··· Dataset ···

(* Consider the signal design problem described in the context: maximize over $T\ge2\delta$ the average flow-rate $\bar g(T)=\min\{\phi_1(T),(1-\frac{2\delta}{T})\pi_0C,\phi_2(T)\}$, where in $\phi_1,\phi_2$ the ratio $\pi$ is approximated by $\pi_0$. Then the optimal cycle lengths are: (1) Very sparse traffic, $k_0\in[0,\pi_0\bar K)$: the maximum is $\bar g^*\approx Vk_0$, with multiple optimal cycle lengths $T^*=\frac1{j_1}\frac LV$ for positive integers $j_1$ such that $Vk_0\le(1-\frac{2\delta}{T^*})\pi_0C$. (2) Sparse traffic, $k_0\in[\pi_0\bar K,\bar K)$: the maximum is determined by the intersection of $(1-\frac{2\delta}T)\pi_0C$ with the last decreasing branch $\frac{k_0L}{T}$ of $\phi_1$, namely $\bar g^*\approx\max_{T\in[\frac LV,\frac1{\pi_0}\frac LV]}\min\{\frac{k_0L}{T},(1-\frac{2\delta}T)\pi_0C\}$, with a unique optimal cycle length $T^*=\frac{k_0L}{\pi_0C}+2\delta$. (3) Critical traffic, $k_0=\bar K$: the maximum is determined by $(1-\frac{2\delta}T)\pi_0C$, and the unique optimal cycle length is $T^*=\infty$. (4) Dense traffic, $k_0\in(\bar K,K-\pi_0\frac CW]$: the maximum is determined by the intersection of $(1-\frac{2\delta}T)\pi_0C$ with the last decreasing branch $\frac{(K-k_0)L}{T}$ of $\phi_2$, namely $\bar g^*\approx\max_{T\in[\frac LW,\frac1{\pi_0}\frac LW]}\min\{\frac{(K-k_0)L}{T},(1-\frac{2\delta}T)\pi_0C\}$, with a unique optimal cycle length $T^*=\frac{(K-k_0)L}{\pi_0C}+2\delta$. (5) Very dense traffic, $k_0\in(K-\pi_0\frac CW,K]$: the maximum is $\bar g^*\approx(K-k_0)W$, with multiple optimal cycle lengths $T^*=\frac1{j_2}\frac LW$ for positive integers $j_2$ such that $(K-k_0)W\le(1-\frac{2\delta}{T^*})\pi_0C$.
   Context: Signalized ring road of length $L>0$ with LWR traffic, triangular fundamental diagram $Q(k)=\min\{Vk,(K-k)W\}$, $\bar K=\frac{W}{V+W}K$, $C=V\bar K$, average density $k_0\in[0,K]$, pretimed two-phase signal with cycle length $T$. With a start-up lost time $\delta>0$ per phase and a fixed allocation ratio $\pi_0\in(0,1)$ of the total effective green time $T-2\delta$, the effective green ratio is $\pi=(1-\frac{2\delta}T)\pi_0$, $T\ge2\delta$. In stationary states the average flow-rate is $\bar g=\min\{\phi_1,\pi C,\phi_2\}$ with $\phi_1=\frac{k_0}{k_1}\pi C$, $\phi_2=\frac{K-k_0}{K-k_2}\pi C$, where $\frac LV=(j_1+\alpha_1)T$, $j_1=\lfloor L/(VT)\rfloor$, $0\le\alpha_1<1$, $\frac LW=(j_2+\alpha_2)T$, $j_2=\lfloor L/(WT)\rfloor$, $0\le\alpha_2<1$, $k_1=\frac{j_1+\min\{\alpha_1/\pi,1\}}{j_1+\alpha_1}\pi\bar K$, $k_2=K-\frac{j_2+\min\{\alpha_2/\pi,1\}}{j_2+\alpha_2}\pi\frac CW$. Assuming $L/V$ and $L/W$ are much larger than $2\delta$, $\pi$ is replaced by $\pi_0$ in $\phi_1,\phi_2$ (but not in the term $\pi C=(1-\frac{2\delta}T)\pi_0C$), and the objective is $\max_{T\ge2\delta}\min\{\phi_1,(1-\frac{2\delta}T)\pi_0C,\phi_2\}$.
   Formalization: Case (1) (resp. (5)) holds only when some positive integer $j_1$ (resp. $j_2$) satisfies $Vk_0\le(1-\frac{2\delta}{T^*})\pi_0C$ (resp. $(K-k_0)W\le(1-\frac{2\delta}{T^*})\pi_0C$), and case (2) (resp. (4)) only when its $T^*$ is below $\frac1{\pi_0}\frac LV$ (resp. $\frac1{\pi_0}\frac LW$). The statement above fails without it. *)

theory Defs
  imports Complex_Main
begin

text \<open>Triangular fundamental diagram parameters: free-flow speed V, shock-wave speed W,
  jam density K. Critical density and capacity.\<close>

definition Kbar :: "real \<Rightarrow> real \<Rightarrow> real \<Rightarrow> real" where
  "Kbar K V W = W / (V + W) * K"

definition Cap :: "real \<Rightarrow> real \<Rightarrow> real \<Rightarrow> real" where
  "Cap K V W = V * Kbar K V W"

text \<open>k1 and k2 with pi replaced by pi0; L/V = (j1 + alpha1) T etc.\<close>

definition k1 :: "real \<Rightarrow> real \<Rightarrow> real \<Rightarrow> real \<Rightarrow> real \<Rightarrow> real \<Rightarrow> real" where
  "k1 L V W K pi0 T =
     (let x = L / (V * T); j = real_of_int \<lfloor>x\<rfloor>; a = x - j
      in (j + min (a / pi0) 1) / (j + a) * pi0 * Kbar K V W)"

···

• Task directions:
Copy every line from the entries that contains the word "Kbar".

• Response:
definition Kbar :: "real \<Rightarrow> real \<Rightarrow> real \<Rightarrow> real" where
  "Kbar K V W = W / (V + W) * K"
  "Cap K V W = V * Kbar K V W"
      in (j + min (a / pi0) 1) / (j + a) * pi0 * Kbar K V W)"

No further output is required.